┌─ INPUT FOR THIS TASK
(* Let $A=P+\Xi$ be real $m\times n$ matrices and let $J$ be a rectangular index set. Denote by $(\hat u,\hat v)$ and $(u,v)$ the pairs of (unit) singular vectors of $\Pi_J(A)$ and $\Pi_J(P)$, respectively, corresponding to their largest singular values. Then $$\|\Pi_{u,v}(\Pi_J(P))-P\|_F\le\|\Pi_{\hat u,\hat v}(\Pi_J(P))-P\|_F\le\|\Pi_{\hat u,\hat v}(\Pi_J(A))-P\|_F .$$
   Context: For unit vectors $u,v$ and a matrix $X$, $\Pi_{u,v}(X)=(uu^T)X(vv^T)$. A rectangular index set is $J=J_1\times J_2$ with $J_1$ a set of row indices and $J_2$ a set of column indices; $\Pi_J(X)$ is the matrix that agrees with $X$ on $J$ and is zero outside $J$. *)

theory Defs
  imports "HOL-Analysis.Analysis"
begin

text \<open>Real m x n matrices are rendered as real^'n^'m (rows indexed by 'm, columns by 'n).\<close>

definition frob_norm :: "real^'n^'m \<Rightarrow> real" where
  "frob_norm X = sqrt (\<Sum>i\<in>UNIV. \<Sum>j\<in>UNIV. (X$i$j)^2)"

definition outer :: "real^'m \<Rightarrow> real^'n \<Rightarrow> real^'n^'m" where
  "outer u w = (\<chi> i j. u$i * w$j)"

definition proj_uv :: "real^'m \<Rightarrow> real^'n \<Rightarrow> real^'n^'m \<Rightarrow> real^'n^'m" where
  "proj_uv u v X = outer u u ** X ** outer v v"

definition proj_J :: "'m set \<Rightarrow> 'n set \<Rightarrow> real^'n^'m \<Rightarrow> real^'n^'m" where
  "proj_J J1 J2 X = (\<chi> i j. if i \<in> J1 \<and> j \<in> J2 then X$i$j else 0)"

text \<open>Largest singular value = operator (spectral) norm.\<close>
definition max_sing_val :: "real^'n^'m \<Rightarrow> real" where
  "max_sing_val M = onorm (\<lambda>x. M *v x)"

definition top_sing_pair :: "real^'n^'m \<Rightarrow> real^'m \<Rightarrow> real^'n \<Rightarrow> bool" where
  "top_sing_pair M u v \<longleftrightarrow> norm u = 1 \<and> norm v = 1 \<and>
     M *v v = max_sing_val M *\<^sub>R u \<and> transpose M *v u = max_sing_val M *\<^sub>R v"

end

theory Submission
  imports Defs
begin

text \<open>For unit vectors \<open>x, y\<close> the map \<open>\<Pi>\<^sub>x\<^sub>,\<^sub>y\<close> sends \<open>M\<close> to the rank-one matrix
  \<open>c x y\<^sup>T\<close> with \<open>c = x\<^sup>T M y\<close>, and expanding the Frobenius norm gives
  \<open>\<parallel>c x y\<^sup>T - P\<parallel>\<^sub>F\<^sup>2 = c\<^sup>2 - 2 c x\<^sup>T P y + \<parallel>P\<parallel>\<^sub>F\<^sup>2\<close>.
  When \<open>x, y\<close> are supported on \<open>J\<close>, \<open>x\<^sup>T P y = x\<^sup>T \<Pi>\<^sub>J(P) y\<close>. With \<open>s = \<sigma>\<^sub>1(\<Pi>\<^sub>J(P)) = u\<^sup>T \<Pi>\<^sub>J(P) v\<close>,
  \<open>a = \<hat>u\<^sup>T \<Pi>\<^sub>J(P) \<hat>v\<close> and \<open>b = \<hat>u\<^sup>T \<Pi>\<^sub>J(A) \<hat>v\<close>, the three squared errors are therefore
  \<open>\<parallel>P\<parallel>\<^sub>F\<^sup>2 - s\<^sup>2\<close>, \<open>\<parallel>P\<parallel>\<^sub>F\<^sup>2 - a\<^sup>2\<close> and \<open>\<parallel>P\<parallel>\<^sub>F\<^sup>2 - a\<^sup>2 + (b - a)\<^sup>2\<close>;
  the first inequality is \<open>\<bar>a\<bar> \<le> s\<close>, the second is \<open>(b - a)\<^sup>2 \<ge> 0\<close>.\<close>

lemma frob_norm_nonneg: "0 \<le> frob_norm X"
  by (simp add: frob_norm_def sum_nonneg)

lemma frob_norm_power2: "(frob_norm X)\<^sup>2 = (\<Sum>i\<in>UNIV. \<Sum>j\<in>UNIV. (X$i$j)\<^sup>2)"
  unfolding frob_norm_def by (simp add: sum_nonneg)

lemma sum_power2_eq_norm_power2:
  fixes x :: "real^'n"
  shows "(\<Sum>i\<in>UNIV. (x$i)\<^sup>2) = (norm x)\<^sup>2"
  unfolding power2_norm_eq_inner by (simp add: inner_vec_def power2_eq_square)

lemma inner_matrix_vector_mult_eq_sum:
  fixes x :: "real^'m" and y :: "real^'n" and M :: "real^'n^'m"
  shows "x \<bullet> (M *v y) = (\<Sum>i\<in>UNIV. \<Sum>j\<in>UNIV. x$i * M$i$j * y$j)"
  by (simp add: inner_vec_def matrix_vector_mult_def sum_distrib_left mult.assoc)

lemma proj_uv_eq_scaleR_outer:
  fixes x :: "real^'m" and y :: "real^'n" and M :: "real^'n^'m"
  shows "proj_uv x y M = (x \<bullet> (M *v y)) *\<^sub>R outer x y"
proof -
  have "proj_uv x y M $ i $ j = (\<Sum>l\<in>UNIV. (\<Sum>k\<in>UNIV. x$i * x$k * M$k$l) * (y$l * y$j))"
    for i j by (simp add: proj_uv_def matrix_matrix_mult_def outer_def)
  also have "\<dots> i j = (\<Sum>l\<in>UNIV. \<Sum>k\<in>UNIV. x$i * x$k * M$k$l * y$l * y$j)" for i j
    by (simp add: sum_distrib_right mult.assoc)
  also have "\<dots> i j = (\<Sum>k\<in>UNIV. \<Sum>l\<in>UNIV. x$i * x$k * M$k$l * y$l * y$j)" for i j
    by (rule sum.swap)
  also have "\<dots> i j = ((x \<bullet> (M *v y)) *\<^sub>R outer x y) $ i $ j" for i j
    by (simp add: inner_vec_def matrix_vector_mult_def outer_def sum_distrib_left
        sum_distrib_right mult_ac)
  finally show ?thesis
    by (simp add: vec_eq_iff)
qed

lemma frob_norm_scaleR_outer_diff_power2:
  fixes x :: "real^'m" and y :: "real^'n" and P :: "real^'n^'m"
  assumes "norm x = 1" "norm y = 1"
  shows "(frob_norm (c *\<^sub>R outer x y - P))\<^sup>2 = c\<^sup>2 - 2 * c * (x \<bullet> (P *v y)) + (frob_norm P)\<^sup>2"
proof -
  have "(frob_norm (c *\<^sub>R outer x y - P))\<^sup>2
      = (\<Sum>i\<in>UNIV. \<Sum>j\<in>UNIV. c\<^sup>2 * ((x$i)\<^sup>2 * (y$j)\<^sup>2) - 2 * c * (x$i * P$i$j * y$j) + (P$i$j)\<^sup>2)"
    unfolding frob_norm_power2
    by (intro sum.cong refl) (simp add: outer_def power2_eq_square algebra_simps)
  also have "\<dots> = c\<^sup>2 * ((\<Sum>i\<in>UNIV. (x$i)\<^sup>2) * (\<Sum>j\<in>UNIV. (y$j)\<^sup>2))
      - 2 * c * (x \<bullet> (P *v y)) + (frob_norm P)\<^sup>2"
    by (simp add: sum.distrib sum_subtractf sum_product inner_matrix_vector_mult_eq_sum
        frob_norm_power2 flip: sum_distrib_left)
  finally show ?thesis
    using assms by (simp add: sum_power2_eq_norm_power2)
qed

lemma frob_norm_proj_uv_diff_power2:
  fixes x :: "real^'m" and y :: "real^'n" and M P :: "real^'n^'m"
  assumes "norm x = 1" "norm y = 1"
  shows "(frob_norm (proj_uv x y M - P))\<^sup>2
    = (x \<bullet> (M *v y))\<^sup>2 - 2 * (x \<bullet> (M *v y)) * (x \<bullet> (P *v y)) + (frob_norm P)\<^sup>2"
  using assms by (simp add: proj_uv_eq_scaleR_outer frob_norm_scaleR_outer_diff_power2)

lemma inner_proj_J_mult:
  fixes x :: "real^'m" and y :: "real^'n" and M :: "real^'n^'m"
  assumes "\<forall>i. i \<notin> J1 \<longrightarrow> x$i = 0" "\<forall>j. j \<notin> J2 \<longrightarrow> y$j = 0"
  shows "x \<bullet> (proj_J J1 J2 M *v y) = x \<bullet> (M *v y)"
  unfolding inner_matrix_vector_mult_eq_sum
  using assms by (intro sum.cong refl) (auto simp: proj_J_def)

lemma abs_inner_mult_le_max_sing_val:
  fixes x :: "real^'m" and y :: "real^'n" and M :: "real^'n^'m"
  shows "\<bar>x \<bullet> (M *v y)\<bar> \<le> max_sing_val M * norm x * norm y"
proof -
  have "\<bar>x \<bullet> (M *v y)\<bar> \<le> norm x * norm (M *v y)"
    by (rule Cauchy_Schwarz_ineq2)
  also have "\<dots> \<le> norm x * (max_sing_val M * norm y)"
    unfolding max_sing_val_def by (intro mult_left_mono onorm) simp_all
  finally show ?thesis
    by (simp add: mult_ac)
qed

lemma top_sing_pair_inner_mult:
  assumes "top_sing_pair M u v"
  shows "u \<bullet> (M *v v) = max_sing_val M"
  using assms by (simp add: top_sing_pair_def dot_square_norm)

theorem lemma6:
  fixes P Xi A :: "real^'n^'m" and J1 :: "'m set" and J2 :: "'n set"
    and u uh :: "real^'m" and v vh :: "real^'n"
  assumes "A = P + Xi"
    and "top_sing_pair (proj_J J1 J2 A) uh vh"
    and "top_sing_pair (proj_J J1 J2 P) u v"
    and "\<forall>i. i \<notin> J1 \<longrightarrow> uh$i = 0" and "\<forall>j. j \<notin> J2 \<longrightarrow> vh$j = 0"
    and "\<forall>i. i \<notin> J1 \<longrightarrow> u$i = 0" and "\<forall>j. j \<notin> J2 \<longrightarrow> v$j = 0"
  shows "frob_norm (proj_uv u v (proj_J J1 J2 P) - P)
           \<le> frob_norm (proj_uv uh vh (proj_J J1 J2 P) - P)
       \<and> frob_norm (proj_uv uh vh (proj_J J1 J2 P) - P)
           \<le> frob_norm (proj_uv uh vh (proj_J J1 J2 A) - P)"
proof -
  let ?Q = "proj_J J1 J2 P"
  define s where "s = max_sing_val ?Q"
  define a where "a = uh \<bullet> (P *v vh)"
  define b where "b = uh \<bullet> (proj_J J1 J2 A *v vh)"
  have unit: "norm u = 1" "norm v = 1" "norm uh = 1" "norm vh = 1"
    using assms(2,3) by (simp_all add: top_sing_pair_def)
  have s: "u \<bullet> (?Q *v v) = s" "u \<bullet> (P *v v) = s"
    using top_sing_pair_inner_mult[OF assms(3)] inner_proj_J_mult[OF assms(6,7)]
    by (simp_all add: s_def)
  have a: "uh \<bullet> (?Q *v vh) = a"
    using inner_proj_J_mult[OF assms(4,5)] by (simp add: a_def)
  have "\<bar>a\<bar> \<le> s"
    using abs_inner_mult_le_max_sing_val[of uh ?Q vh] unit a by (simp add: s_def)
  then have a_s: "a\<^sup>2 \<le> s\<^sup>2"
    by (simp add: abs_le_square_iff[symmetric])
  have err_P: "(frob_norm (proj_uv u v ?Q - P))\<^sup>2 = (frob_norm P)\<^sup>2 - s\<^sup>2"
    unfolding frob_norm_proj_uv_diff_power2[OF unit(1,2)] s by (simp add: power2_eq_square)
  have err_hat_P: "(frob_norm (proj_uv uh vh ?Q - P))\<^sup>2 = (frob_norm P)\<^sup>2 - a\<^sup>2"
    unfolding frob_norm_proj_uv_diff_power2[OF unit(3,4)] a a_def[symmetric]
    by (simp add: power2_eq_square)
  have err_hat_A: "(frob_norm (proj_uv uh vh (proj_J J1 J2 A) - P))\<^sup>2
      = (frob_norm P)\<^sup>2 - a\<^sup>2 + (b - a)\<^sup>2"
    unfolding frob_norm_proj_uv_diff_power2[OF unit(3,4)] a_def[symmetric] b_def[symmetric]
    by (simp add: power2_eq_square left_diff_distrib right_diff_distrib)
  have "(frob_norm (proj_uv u v ?Q - P))\<^sup>2 \<le> (frob_norm (proj_uv uh vh ?Q - P))\<^sup>2"
    using err_P err_hat_P a_s by linarith
  moreover have "(frob_norm (proj_uv uh vh ?Q - P))\<^sup>2
      \<le> (frob_norm (proj_uv uh vh (proj_J J1 J2 A) - P))\<^sup>2"
    using err_hat_P err_hat_A zero_le_power2[of "b - a"] by linarith
  ultimately show ?thesis
    by (metis frob_norm_nonneg power2_le_imp_le)
qed

end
└─
_DIRECTIONS_: The reply should hold only the lines from the top of the records through the line that has "v = 1 \<and>", each one exact.

_EXERCISE OUTPUT_:
(* Let $A=P+\Xi$ be real $m\times n$ matrices and let $J$ be a rectangular index set. Denote by $(\hat u,\hat v)$ and $(u,v)$ the pairs of (unit) singular vectors of $\Pi_J(A)$ and $\Pi_J(P)$, respectively, corresponding to their largest singular values. Then $$\|\Pi_{u,v}(\Pi_J(P))-P\|_F\le\|\Pi_{\hat u,\hat v}(\Pi_J(P))-P\|_F\le\|\Pi_{\hat u,\hat v}(\Pi_J(A))-P\|_F .$$
   Context: For unit vectors $u,v$ and a matrix $X$, $\Pi_{u,v}(X)=(uu^T)X(vv^T)$. A rectangular index set is $J=J_1\times J_2$ with $J_1$ a set of row indices and $J_2$ a set of column indices; $\Pi_J(X)$ is the matrix that agrees with $X$ on $J$ and is zero outside $J$. *)

theory Defs
  imports "HOL-Analysis.Analysis"
begin

text \<open>Real m x n matrices are rendered as real^'n^'m (rows indexed by 'm, columns by 'n).\<close>

definition frob_norm :: "real^'n^'m \<Rightarrow> real" where
  "frob_norm X = sqrt (\<Sum>i\<in>UNIV. \<Sum>j\<in>UNIV. (X$i$j)^2)"

definition outer :: "real^'m \<Rightarrow> real^'n \<Rightarrow> real^'n^'m" where
  "outer u w = (\<chi> i j. u$i * w$j)"

definition proj_uv :: "real^'m \<Rightarrow> real^'n \<Rightarrow> real^'n^'m \<Rightarrow> real^'n^'m" where
  "proj_uv u v X = outer u u ** X ** outer v v"

definition proj_J :: "'m set \<Rightarrow> 'n set \<Rightarrow> real^'n^'m \<Rightarrow> real^'n^'m" where
  "proj_J J1 J2 X = (\<chi> i j. if i \<in> J1 \<and> j \<in> J2 then X$i$j else 0)"

text \<open>Largest singular value = operator (spectral) norm.\<close>
definition max_sing_val :: "real^'n^'m \<Rightarrow> real" where
  "max_sing_val M = onorm (\<lambda>x. M *v x)"

definition top_sing_pair :: "real^'n^'m \<Rightarrow> real^'m \<Rightarrow> real^'n \<Rightarrow> bool" where
  "top_sing_pair M u v \<longleftrightarrow> norm u = 1 \<and> norm v = 1 \<and>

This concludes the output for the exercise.